(Beginning of Record excerpts)
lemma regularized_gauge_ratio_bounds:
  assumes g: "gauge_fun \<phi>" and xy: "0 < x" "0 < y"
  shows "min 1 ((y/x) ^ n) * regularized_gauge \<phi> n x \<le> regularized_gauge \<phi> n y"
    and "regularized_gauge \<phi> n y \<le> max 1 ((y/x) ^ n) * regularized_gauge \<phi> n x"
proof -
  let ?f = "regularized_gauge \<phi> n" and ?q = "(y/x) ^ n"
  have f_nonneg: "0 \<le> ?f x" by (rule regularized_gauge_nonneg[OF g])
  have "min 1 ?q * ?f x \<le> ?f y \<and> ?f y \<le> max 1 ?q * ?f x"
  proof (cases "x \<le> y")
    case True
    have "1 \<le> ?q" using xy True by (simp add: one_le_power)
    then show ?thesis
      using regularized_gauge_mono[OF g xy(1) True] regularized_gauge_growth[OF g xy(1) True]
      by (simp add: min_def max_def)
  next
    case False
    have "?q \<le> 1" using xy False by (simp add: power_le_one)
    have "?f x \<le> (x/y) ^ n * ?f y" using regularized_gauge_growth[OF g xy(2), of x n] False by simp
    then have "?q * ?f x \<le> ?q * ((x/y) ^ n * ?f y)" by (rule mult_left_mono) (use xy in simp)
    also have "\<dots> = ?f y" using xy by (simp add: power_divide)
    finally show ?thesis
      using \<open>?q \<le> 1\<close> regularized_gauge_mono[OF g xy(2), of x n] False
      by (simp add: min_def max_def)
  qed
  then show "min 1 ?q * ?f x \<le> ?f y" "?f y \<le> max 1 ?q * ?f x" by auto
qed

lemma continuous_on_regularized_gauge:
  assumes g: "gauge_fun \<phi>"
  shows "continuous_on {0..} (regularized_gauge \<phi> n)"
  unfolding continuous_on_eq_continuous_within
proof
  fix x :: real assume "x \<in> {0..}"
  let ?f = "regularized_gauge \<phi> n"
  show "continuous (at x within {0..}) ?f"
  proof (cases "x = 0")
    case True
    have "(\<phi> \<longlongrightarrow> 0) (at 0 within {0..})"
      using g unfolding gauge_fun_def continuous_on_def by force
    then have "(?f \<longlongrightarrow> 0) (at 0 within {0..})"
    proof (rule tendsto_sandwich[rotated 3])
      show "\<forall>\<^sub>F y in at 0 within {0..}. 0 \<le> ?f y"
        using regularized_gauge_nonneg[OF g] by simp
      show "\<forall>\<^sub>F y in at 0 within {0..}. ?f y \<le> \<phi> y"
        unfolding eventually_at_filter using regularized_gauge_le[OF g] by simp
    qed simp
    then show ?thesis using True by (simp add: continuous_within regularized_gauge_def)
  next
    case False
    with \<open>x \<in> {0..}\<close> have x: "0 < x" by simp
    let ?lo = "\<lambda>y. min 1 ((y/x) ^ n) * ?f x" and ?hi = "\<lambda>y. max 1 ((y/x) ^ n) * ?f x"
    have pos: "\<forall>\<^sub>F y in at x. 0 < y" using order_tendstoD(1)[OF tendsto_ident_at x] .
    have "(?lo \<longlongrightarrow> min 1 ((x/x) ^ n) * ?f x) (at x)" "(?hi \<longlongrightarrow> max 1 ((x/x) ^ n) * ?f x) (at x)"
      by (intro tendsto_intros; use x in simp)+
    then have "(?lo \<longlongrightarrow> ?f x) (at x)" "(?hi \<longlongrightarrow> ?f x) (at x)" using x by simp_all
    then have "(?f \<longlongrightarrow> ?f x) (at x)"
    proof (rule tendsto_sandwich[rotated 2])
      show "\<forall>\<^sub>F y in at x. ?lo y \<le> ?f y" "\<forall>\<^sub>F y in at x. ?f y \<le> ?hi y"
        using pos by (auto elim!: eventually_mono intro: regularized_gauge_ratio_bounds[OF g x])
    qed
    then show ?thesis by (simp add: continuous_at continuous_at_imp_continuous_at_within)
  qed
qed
(End of Record excerpts)
(Beginning of Record excerpts)
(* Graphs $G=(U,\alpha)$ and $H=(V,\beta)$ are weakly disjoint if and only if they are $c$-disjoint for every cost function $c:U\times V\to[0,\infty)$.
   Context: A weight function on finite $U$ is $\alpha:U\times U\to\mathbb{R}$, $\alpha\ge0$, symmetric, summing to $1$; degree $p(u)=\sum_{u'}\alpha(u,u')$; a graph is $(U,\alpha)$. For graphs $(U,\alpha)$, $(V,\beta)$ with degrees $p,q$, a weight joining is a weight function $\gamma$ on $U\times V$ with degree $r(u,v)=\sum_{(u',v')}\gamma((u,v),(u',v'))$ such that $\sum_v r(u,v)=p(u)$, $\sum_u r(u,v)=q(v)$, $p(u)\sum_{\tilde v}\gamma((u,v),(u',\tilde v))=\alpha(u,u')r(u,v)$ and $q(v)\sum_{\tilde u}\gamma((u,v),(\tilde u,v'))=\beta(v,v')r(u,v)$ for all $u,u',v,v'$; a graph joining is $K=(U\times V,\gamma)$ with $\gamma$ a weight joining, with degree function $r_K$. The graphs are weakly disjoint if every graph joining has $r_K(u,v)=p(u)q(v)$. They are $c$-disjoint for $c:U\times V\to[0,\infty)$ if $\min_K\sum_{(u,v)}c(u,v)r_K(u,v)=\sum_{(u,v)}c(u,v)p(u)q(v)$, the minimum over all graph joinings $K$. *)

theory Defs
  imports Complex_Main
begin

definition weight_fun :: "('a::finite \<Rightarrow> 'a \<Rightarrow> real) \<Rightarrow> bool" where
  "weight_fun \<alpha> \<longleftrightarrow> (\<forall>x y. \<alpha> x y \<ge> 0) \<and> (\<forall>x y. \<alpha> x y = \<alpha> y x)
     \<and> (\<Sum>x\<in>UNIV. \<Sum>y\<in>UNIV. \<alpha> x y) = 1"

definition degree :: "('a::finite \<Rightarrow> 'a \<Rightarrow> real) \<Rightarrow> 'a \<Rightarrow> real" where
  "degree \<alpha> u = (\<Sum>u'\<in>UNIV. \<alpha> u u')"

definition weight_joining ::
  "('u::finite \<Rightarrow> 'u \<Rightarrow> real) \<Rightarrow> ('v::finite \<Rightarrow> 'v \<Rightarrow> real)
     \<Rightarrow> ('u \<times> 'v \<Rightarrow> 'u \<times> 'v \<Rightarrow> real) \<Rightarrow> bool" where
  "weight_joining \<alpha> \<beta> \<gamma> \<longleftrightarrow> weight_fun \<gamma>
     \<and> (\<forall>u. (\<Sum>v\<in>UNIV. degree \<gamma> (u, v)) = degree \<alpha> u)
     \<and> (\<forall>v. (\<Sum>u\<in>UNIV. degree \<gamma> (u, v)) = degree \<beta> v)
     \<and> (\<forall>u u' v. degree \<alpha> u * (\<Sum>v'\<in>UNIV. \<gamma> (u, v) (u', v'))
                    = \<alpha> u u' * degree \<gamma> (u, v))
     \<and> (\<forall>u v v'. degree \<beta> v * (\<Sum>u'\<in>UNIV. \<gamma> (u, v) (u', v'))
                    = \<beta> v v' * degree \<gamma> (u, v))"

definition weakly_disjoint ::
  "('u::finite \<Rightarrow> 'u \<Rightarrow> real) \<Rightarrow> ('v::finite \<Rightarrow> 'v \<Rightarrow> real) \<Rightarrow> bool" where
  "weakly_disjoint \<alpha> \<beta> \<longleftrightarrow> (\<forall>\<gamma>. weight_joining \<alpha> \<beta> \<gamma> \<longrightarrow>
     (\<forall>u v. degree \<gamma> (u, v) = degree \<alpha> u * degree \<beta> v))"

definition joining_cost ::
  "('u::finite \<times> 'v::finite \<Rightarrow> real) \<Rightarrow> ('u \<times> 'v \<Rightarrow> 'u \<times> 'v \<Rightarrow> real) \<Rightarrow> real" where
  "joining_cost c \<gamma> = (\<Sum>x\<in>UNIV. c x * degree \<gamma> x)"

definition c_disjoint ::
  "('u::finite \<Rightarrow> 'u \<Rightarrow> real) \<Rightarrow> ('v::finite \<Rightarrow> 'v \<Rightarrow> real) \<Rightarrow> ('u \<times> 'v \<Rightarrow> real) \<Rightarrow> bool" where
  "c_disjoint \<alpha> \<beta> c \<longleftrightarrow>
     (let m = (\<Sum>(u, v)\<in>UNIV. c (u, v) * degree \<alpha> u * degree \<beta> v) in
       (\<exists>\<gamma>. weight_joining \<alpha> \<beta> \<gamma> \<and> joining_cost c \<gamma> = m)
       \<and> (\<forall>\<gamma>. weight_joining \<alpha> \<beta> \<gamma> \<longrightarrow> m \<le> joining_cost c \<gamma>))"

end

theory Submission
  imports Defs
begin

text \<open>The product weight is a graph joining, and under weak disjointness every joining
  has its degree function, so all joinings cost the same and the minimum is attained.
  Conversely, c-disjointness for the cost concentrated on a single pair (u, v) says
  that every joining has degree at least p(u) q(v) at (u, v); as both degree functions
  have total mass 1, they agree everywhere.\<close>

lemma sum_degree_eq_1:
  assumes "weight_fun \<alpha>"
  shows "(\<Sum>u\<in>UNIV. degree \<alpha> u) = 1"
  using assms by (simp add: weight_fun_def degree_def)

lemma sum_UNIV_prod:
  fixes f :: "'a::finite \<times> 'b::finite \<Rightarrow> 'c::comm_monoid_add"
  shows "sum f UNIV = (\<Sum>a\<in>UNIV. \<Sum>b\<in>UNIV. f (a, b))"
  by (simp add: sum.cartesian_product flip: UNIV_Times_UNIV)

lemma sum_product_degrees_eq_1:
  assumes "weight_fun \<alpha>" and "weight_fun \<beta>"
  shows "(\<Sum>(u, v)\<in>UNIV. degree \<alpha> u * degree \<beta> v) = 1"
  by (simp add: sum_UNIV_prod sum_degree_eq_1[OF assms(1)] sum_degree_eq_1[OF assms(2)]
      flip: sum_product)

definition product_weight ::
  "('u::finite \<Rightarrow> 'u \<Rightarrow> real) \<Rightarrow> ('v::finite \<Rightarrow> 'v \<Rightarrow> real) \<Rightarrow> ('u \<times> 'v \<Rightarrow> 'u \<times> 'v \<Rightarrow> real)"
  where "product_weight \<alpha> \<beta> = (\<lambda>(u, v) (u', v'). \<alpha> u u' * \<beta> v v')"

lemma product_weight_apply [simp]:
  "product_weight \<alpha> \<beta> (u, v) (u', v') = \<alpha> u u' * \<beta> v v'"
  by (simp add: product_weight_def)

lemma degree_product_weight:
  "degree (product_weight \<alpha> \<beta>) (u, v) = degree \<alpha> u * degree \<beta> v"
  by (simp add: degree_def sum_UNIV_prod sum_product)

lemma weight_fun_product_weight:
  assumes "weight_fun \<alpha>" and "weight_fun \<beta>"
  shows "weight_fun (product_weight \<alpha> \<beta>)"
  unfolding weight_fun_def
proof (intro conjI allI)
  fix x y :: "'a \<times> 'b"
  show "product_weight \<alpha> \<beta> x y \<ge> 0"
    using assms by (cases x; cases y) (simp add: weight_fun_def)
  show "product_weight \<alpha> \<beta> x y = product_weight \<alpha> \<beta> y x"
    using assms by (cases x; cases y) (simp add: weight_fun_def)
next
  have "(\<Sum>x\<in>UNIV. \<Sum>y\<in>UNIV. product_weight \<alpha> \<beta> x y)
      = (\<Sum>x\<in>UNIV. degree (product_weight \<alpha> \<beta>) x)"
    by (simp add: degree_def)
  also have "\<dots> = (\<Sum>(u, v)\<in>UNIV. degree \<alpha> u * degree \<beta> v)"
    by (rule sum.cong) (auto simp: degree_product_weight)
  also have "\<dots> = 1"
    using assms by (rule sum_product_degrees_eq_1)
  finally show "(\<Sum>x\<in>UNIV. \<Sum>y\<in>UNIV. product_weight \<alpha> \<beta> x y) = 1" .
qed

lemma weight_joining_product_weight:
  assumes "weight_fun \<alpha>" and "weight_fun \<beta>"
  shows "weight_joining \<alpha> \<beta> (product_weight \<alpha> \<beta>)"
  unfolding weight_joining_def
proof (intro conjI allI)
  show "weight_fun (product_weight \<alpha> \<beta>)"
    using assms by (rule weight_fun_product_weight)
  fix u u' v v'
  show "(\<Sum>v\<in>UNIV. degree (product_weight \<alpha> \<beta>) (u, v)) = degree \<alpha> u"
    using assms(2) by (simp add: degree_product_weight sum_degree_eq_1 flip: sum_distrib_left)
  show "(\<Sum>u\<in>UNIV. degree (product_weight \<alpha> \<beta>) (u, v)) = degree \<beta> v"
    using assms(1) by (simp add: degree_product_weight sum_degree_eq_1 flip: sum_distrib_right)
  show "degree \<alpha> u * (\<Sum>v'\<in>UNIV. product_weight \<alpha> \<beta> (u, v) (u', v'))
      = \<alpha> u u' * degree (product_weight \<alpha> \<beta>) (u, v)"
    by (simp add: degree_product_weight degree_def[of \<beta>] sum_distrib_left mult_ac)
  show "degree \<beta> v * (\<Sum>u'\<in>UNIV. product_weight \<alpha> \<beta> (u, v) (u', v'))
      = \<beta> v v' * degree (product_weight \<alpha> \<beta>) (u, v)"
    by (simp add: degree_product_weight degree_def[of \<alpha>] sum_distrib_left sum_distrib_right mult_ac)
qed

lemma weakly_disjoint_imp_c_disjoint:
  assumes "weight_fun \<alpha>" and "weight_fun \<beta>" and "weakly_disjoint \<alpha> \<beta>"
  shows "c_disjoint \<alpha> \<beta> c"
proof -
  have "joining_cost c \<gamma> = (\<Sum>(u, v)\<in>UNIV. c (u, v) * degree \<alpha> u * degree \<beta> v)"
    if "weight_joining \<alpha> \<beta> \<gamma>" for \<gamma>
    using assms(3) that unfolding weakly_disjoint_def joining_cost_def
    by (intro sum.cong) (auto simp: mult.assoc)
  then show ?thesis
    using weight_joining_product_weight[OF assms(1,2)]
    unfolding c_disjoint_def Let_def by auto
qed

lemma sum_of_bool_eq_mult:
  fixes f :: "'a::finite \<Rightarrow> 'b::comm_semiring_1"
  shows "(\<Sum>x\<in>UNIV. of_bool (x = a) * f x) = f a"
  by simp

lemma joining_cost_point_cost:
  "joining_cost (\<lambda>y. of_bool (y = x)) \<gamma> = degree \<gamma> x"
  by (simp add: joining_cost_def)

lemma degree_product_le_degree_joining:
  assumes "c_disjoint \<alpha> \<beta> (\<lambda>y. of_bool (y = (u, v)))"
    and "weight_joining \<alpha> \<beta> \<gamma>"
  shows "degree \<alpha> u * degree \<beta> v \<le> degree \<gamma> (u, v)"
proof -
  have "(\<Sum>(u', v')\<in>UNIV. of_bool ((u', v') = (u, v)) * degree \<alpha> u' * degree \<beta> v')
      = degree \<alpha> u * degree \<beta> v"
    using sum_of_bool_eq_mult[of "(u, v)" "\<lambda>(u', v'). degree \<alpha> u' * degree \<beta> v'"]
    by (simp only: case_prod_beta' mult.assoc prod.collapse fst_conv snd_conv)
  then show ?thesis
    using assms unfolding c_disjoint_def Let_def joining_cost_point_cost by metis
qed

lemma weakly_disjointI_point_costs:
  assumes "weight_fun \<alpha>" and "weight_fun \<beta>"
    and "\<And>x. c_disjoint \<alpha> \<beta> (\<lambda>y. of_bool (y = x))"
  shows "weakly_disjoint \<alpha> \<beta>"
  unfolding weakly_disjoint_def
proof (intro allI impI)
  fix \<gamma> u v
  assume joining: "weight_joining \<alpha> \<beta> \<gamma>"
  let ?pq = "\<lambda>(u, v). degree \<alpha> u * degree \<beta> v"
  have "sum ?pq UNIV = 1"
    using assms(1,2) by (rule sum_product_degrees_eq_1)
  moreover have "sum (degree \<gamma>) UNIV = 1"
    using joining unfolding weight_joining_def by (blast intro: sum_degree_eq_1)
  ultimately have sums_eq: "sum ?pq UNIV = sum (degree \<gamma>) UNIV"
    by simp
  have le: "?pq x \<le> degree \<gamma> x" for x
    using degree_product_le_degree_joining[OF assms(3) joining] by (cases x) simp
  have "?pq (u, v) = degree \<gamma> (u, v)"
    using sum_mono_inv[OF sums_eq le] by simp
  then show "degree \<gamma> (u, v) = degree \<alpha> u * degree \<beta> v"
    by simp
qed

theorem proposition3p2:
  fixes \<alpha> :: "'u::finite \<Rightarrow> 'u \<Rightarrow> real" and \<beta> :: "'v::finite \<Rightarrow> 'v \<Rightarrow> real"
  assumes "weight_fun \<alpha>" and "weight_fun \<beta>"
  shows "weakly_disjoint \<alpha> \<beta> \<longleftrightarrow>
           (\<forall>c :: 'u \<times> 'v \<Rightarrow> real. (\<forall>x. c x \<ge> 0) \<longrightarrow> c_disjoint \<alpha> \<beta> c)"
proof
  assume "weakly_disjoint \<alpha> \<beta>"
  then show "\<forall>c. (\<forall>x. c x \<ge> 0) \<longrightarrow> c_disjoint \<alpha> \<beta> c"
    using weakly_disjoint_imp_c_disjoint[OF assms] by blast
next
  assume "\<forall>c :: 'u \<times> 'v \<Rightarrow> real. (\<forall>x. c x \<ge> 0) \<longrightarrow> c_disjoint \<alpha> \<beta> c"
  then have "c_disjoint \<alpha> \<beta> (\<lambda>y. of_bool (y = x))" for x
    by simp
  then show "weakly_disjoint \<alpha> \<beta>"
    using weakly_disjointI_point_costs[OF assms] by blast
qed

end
(End of Record excerpts)
■ Try it: Wherever "intro" occurs in the entries above, copy the line it sits on.

■ Finished exercise:
      by (intro tendsto_intros; use x in simp)+
        using pos by (auto elim!: eventually_mono intro: regularized_gauge_ratio_bounds[OF g x])
proof (intro conjI allI)
proof (intro conjI allI)
    by (intro sum.cong) (auto simp: mult.assoc)
proof (intro allI impI)
    using joining unfolding weight_joining_def by (blast intro: sum_degree_eq_1)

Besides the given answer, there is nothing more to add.